═════ Entries shown
lemma F_free_iff_parts:
  "F_free k F V E c \<longleftrightarrow> F_free k F VH E c \<and> (\<forall>s\<in>S. F_free k F (insert s VH) E c)"
proof
  assume free: "F_free k F V E c"
  show "F_free k F VH E c \<and> (\<forall>s\<in>S. F_free k F (insert s VH) E c)"
    using S_subset by (intro conjI ballI F_free_mono[OF _ free]) auto
next
  assume parts: "F_free k F VH E c \<and> (\<forall>s\<in>S. F_free k F (insert s VH) E c)"
  show "F_free k F V E c"
    unfolding F_free_def
  proof
    assume "\<exists>K\<subseteq>V. is_copy k F E c K"
    then obtain K where "K \<subseteq> V" and copy: "is_copy k F E c K" by blast
    moreover have "\<And>e. e \<subseteq> K \<Longrightarrow> card e = 2 \<Longrightarrow> e \<in> E"
      using copy unfolding is_copy_def by blast
    ultimately have "K \<subseteq> VH \<or> (\<exists>s\<in>S. K \<subseteq> insert s VH)"
      using clique_within_insert by blast
    then show False
    proof
      assume "K \<subseteq> VH"
      with copy have "\<not> F_free k F VH E c" unfolding F_free_def by blast
      with parts show False by blast
    next
      assume "\<exists>s\<in>S. K \<subseteq> insert s VH"
      then obtain s where "s \<in> S" "K \<subseteq> insert s VH" by blast
      with copy have "\<not> F_free k F (insert s VH) E c" unfolding F_free_def by blast
      with parts \<open>s \<in> S\<close> show False by blast
    qed
  qed
qed

lemma F_free_H_cong:
  assumes "\<And>e. e \<subseteq> VH \<Longrightarrow> card e = 2 \<Longrightarrow> c' e = c e"
  shows "F_free k F VH EH c' \<longleftrightarrow> F_free k F VH E c"
proof (rule F_free_cong)
  fix e assume "e \<subseteq> VH" "card e = 2"
  then have "e \<inter> S = {}" by blast
  then show "(e \<in> EH \<longleftrightarrow> e \<in> E) \<and> c' e = c e" using assms \<open>e \<subseteq> VH\<close> \<open>card e = 2\<close> by simp
qed

lemma F_free_insert_cong:
  assumes "s \<in> S" and "\<And>e. e \<subseteq> insert s VH \<Longrightarrow> card e = 2 \<Longrightarrow> c' e = c e"
  shows "F_free k F (insert s VH) (EH \<union> star E VH s) c' \<longleftrightarrow> F_free k F (insert s VH) E c"
proof (rule F_free_cong)
  fix e assume e: "e \<subseteq> insert s VH" "card e = 2"
  have "e \<in> E \<Longrightarrow> e \<in> EH \<union> star E VH s" using edge_within_insert[OF assms(1) e(1)] .
  moreover have "e \<in> EH \<union> star E VH s \<Longrightarrow> e \<in> E" using star_subset[of E VH s] by blast
  moreover have "c' e = c e" using assms(2) e .
  ultimately show "(e \<in> EH \<union> star E VH s \<longleftrightarrow> e \<in> E) \<and> c' e = c e" by blast
qed

definition extensions :: "nat \<Rightarrow> nat \<Rightarrow> (nat set \<Rightarrow> nat) \<Rightarrow> ('a set \<Rightarrow> nat) \<Rightarrow> 'a \<Rightarrow> ('a set \<Rightarrow> nat) set" where
  "extensions r k F cH s = {g \<in> colorings r (star E VH s).
       F_free k F (insert s VH) (EH \<union> star E VH s) (\<lambda>e. if e \<in> star E VH s then g e else cH e)}"

lemma card_extensions: "card (extensions r k F cH s) = ext_count r k F E VH EH s cH"
  unfolding ext_count_def extensions_def ..

text \<open>The edge sets \<open>EH\<close> and \<open>star E VH s\<close>, \<open>s \<in> S\<close>, are pairwise disjoint, so at most one
  summand of \<open>glue cH g e\<close> is nonzero.\<close>

definition glue :: "('a set \<Rightarrow> nat) \<Rightarrow> ('a \<Rightarrow> 'a set \<Rightarrow> nat) \<Rightarrow> 'a set \<Rightarrow> nat" where
  "glue cH g e = cH e + (\<Sum>s\<in>S. g s e)"

context
  fixes r :: nat and cH :: "'a set \<Rightarrow> nat" and g :: "'a \<Rightarrow> 'a set \<Rightarrow> nat"
  assumes cH: "cH \<in> colorings r EH"
    and g: "\<And>s. s \<in> S \<Longrightarrow> g s \<in> colorings r (star E VH s)"
begin

lemma glue_disjoint:
  assumes "e \<inter> S = {}"
  shows "glue cH g e = cH e"
proof -
  have "g s e = 0" if "s \<in> S" for s
  proof -
    have "e \<notin> star E VH s" using that assms by (auto simp: star_iff)
    then show ?thesis by (rule coloring_outside[OF g[OF that]])
  qed
  then show ?thesis by (simp add: glue_def)
qed

lemma glue_insert:
  assumes "s \<in> S" "e \<subseteq> insert s VH"
  shows "glue cH g e = (if e \<in> star E VH s then g s e else cH e)"
proof -
  have "g t e = 0" if "t \<in> S" "t \<noteq> s" for t
  proof -
    have "e \<notin> star E VH t" using assms that by (auto simp: star_iff)
    then show ?thesis by (rule coloring_outside[OF g[OF \<open>t \<in> S\<close>]])
  qed
  then have "(\<Sum>t\<in>S - {s}. g t e) = 0" by (intro sum.neutral) blast
  then have sum: "(\<Sum>t\<in>S. g t e) = g s e" using sum.remove[OF finite_S assms(1), of "\<lambda>t. g t e"] by simp
  show ?thesis
  proof (cases "e \<in> star E VH s")
    case True
    then have "cH e = 0" by (rule coloring_outside[OF cH star_disjoint_EH[OF assms(1)]])
    then show ?thesis using True sum by (simp add: glue_def)
  next
    case False
    then have "g s e = 0" by (rule coloring_outside[OF g[OF assms(1)]])
    then show ?thesis using False sum by (simp add: glue_def)
  qed
qed

lemma glue_in_colorings: "glue cH g \<in> colorings r E"
  unfolding colorings_def
proof (intro CollectI conjI ballI allI impI)
  fix e assume "e \<in> E"
  from edge_in_EH_or_star[OF this] show "glue cH g e \<in> {1..r}"
  proof
    assume "e \<in> EH"
    then have "glue cH g e = cH e" by (intro glue_disjoint) simp
    then show ?thesis using coloring_inside[OF cH \<open>e \<in> EH\<close>] by simp
  next
    assume "\<exists>s\<in>S. e \<in> star E VH s"
    then obtain s where s: "s \<in> S" "e \<in> star E VH s" by blast
    then have "e \<subseteq> insert s VH" by (auto simp: star_iff)
    then have "glue cH g e = g s e" using glue_insert s by simp
    then show ?thesis using coloring_inside[OF g[OF s(1)] s(2)] by simp
  qed
next
  fix e assume "e \<notin> E"
  then have "cH e = 0" by (intro coloring_outside[OF cH]) simp
  moreover have "g s e = 0" if "s \<in> S" for s
    using \<open>e \<notin> E\<close> star_subset[of E VH s] by (intro coloring_outside[OF g[OF that]]) blast
  ultimately show "glue cH g e = 0" by (simp add: glue_def)
qed

lemma restrict_glue_EH: "restrict_coloring (glue cH g) EH = cH"
proof
  fix e
  have "e \<in> EH \<Longrightarrow> glue cH g e = cH e" by (intro glue_disjoint) simp
  moreover have "e \<notin> EH \<Longrightarrow> cH e = 0" by (rule coloring_outside[OF cH])
  ultimately show "restrict_coloring (glue cH g) EH e = cH e"
    by (auto simp: restrict_coloring_def)
qed

lemma restrict_glue_star:
  assumes "s \<in> S"
  shows "restrict_coloring (glue cH g) (star E VH s) = g s"
proof
  fix e
  have "glue cH g e = g s e" if "e \<in> star E VH s"
  proof -
    have "e \<subseteq> insert s VH" using that by (auto simp: star_iff)
    then show ?thesis using glue_insert[OF assms] that by simp
  qed
  moreover have "e \<notin> star E VH s \<Longrightarrow> g s e = 0"
    by (rule coloring_outside[OF g[OF assms]])
  ultimately show "restrict_coloring (glue cH g) (star E VH s) e = g s e"
    by (auto simp: restrict_coloring_def)
qed

end

lemma glue_in_free_colorings:
  assumes cH: "cH \<in> free_colorings r k F VH EH" and g: "g \<in> PiE S (extensions r k F cH)"
  shows "glue cH g \<in> free_colorings r k F V E"
proof -
  have cH_col: "cH \<in> colorings r EH" and cH_free: "F_free k F VH EH cH"
    using cH unfolding free_colorings_def by auto
  have g_col: "\<And>s. s \<in> S \<Longrightarrow> g s \<in> colorings r (star E VH s)"
    and g_free: "\<And>s. s \<in> S \<Longrightarrow> F_free k F (insert s VH) (EH \<union> star E VH s)
         (\<lambda>e. if e \<in> star E VH s then g s e else cH e)"
    using g unfolding extensions_def by auto
  have "F_free k F VH EH cH \<longleftrightarrow> F_free k F VH E (glue cH g)"
    by (rule F_free_H_cong, rule glue_disjoint[OF cH_col g_col, symmetric]) auto
  moreover have "F_free k F (insert s VH) (EH \<union> star E VH s)
      (\<lambda>e. if e \<in> star E VH s then g s e else cH e) \<longleftrightarrow> F_free k F (insert s VH) E (glue cH g)"
    if "s \<in> S" for s
    by (rule F_free_insert_cong[OF that], rule glue_insert[OF cH_col g_col that, symmetric])
  ultimately have "F_free k F V E (glue cH g)"
    using cH_free g_free F_free_iff_parts[of k F "glue cH g"] by blast
  with glue_in_colorings[OF cH_col g_col] show ?thesis unfolding free_colorings_def by blast
qed

lemma restrict_EH_in_free_colorings:
  assumes "c \<in> free_colorings r k F V E"
  shows "restrict_coloring c EH \<in> free_colorings r k F VH EH"
proof -
  have c_col: "c \<in> colorings r E" and "F_free k F V E c"
    using assms unfolding free_colorings_def by auto
  then have "F_free k F VH E c" using F_free_iff_parts[of k F c] by blast
  moreover have "F_free k F VH EH (restrict_coloring c EH) \<longleftrightarrow> F_free k F VH E c"
  proof (rule F_free_H_cong)
    fix e assume "e \<subseteq> VH"
    then show "restrict_coloring c EH e = c e"
      using coloring_outside[OF c_col] by (auto simp: restrict_coloring_def)
  qed
  ultimately have "F_free k F VH EH (restrict_coloring c EH)" by blast
  moreover have "restrict_coloring c EH \<in> colorings r EH"
    using c_col by (rule restrict_coloring_in_colorings) blast
  ultimately show ?thesis unfolding free_colorings_def by blast
qed

lemma restrict_star_in_extensions:
  assumes "c \<in> free_colorings r k F V E" and "s \<in> S"
  shows "restrict_coloring c (star E VH s) \<in> extensions r k F (restrict_coloring c EH) s"
proof -
  have c_col: "c \<in> colorings r E" and "F_free k F V E c"
    using assms unfolding free_colorings_def by auto
  then have "F_free k F (insert s VH) E c" using F_free_iff_parts[of k F c] assms(2) by blast
  moreover have "F_free k F (insert s VH) (EH \<union> star E VH s)
      (\<lambda>e. if e \<in> star E VH s then restrict_coloring c (star E VH s) e else restrict_coloring c EH e)
      \<longleftrightarrow> F_free k F (insert s VH) E c"
  proof (rule F_free_insert_cong[OF assms(2)])
    fix e assume "e \<subseteq> insert s VH"
    have "c e = 0" if "e \<notin> EH" "e \<notin> star E VH s"
      using edge_within_insert[OF assms(2) \<open>e \<subseteq> insert s VH\<close>] that
      by (intro coloring_outside[OF c_col]) blast
    then show "(if e \<in> star E VH s then restrict_coloring c (star E VH s) e
        else restrict_coloring c EH e) = c e" by (simp add: restrict_coloring_def)
  qed
  ultimately have "F_free k F (insert s VH) (EH \<union> star E VH s)
      (\<lambda>e. if e \<in> star E VH s then restrict_coloring c (star E VH s) e else restrict_coloring c EH e)"
    by blast
  moreover have "restrict_coloring c (star E VH s) \<in> colorings r (star E VH s)"
    using c_col star_subset[of E VH s] by (rule restrict_coloring_in_colorings)
  ultimately show ?thesis unfolding extensions_def by blast
qed

lemma glue_restrict:
  assumes c: "c \<in> colorings r E"
  shows "glue (restrict_coloring c EH) (\<lambda>s\<in>S. restrict_coloring c (star E VH s)) = c"
proof -
  define cH where "cH = restrict_coloring c EH"
  define g where "g = (\<lambda>s\<in>S. restrict_coloring c (star E VH s))"
  have cH_col: "cH \<in> colorings r EH"
    unfolding cH_def using c by (rule restrict_coloring_in_colorings) blast
  have g_col: "g s \<in> colorings r (star E VH s)" if "s \<in> S" for s
    unfolding g_def using that restrict_coloring_in_colorings[OF c star_subset[of E VH s]] by simp
  have "glue cH g e = c e" for e
  proof (cases "e \<in> E")
    case True
    from edge_in_EH_or_star[OF this] show ?thesis
    proof
      assume "e \<in> EH"
      then have "glue cH g e = cH e" by (intro glue_disjoint[OF cH_col g_col]) auto
      with \<open>e \<in> EH\<close> show ?thesis by (simp add: cH_def restrict_coloring_def)
    next
      assume "\<exists>s\<in>S. e \<in> star E VH s"
      then obtain s where s: "s \<in> S" "e \<in> star E VH s" by blast
      then have "e \<subseteq> insert s VH" by (auto simp: star_iff)
      then have "glue cH g e = g s e" using glue_insert[OF cH_col g_col s(1)] s(2) by simp
      with s show ?thesis by (simp add: g_def restrict_coloring_def)
    qed
  next
    case False
    then show ?thesis
      using coloring_outside[OF glue_in_colorings[OF cH_col g_col]] coloring_outside[OF c] by simp
  qed
  then have "glue cH g = c" ..
  then show ?thesis unfolding cH_def g_def .
qed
══════════
Take every line above that includes the string "lambda" and return it.

Your response:
       F_free k F (insert s VH) (EH \<union> star E VH s) (\<lambda>e. if e \<in> star E VH s then g e else cH e)}"
  then have sum: "(\<Sum>t\<in>S. g t e) = g s e" using sum.remove[OF finite_S assms(1), of "\<lambda>t. g t e"] by simp
         (\<lambda>e. if e \<in> star E VH s then g s e else cH e)"
      (\<lambda>e. if e \<in> star E VH s then g s e else cH e) \<longleftrightarrow> F_free k F (insert s VH) E (glue cH g)"
      (\<lambda>e. if e \<in> star E VH s then restrict_coloring c (star E VH s) e else restrict_coloring c EH e)
      (\<lambda>e. if e \<in> star E VH s then restrict_coloring c (star E VH s) e else restrict_coloring c EH e)"
  shows "glue (restrict_coloring c EH) (\<lambda>s\<in>S. restrict_coloring c (star E VH s)) = c"
  define g where "g = (\<lambda>s\<in>S. restrict_coloring c (star E VH s))"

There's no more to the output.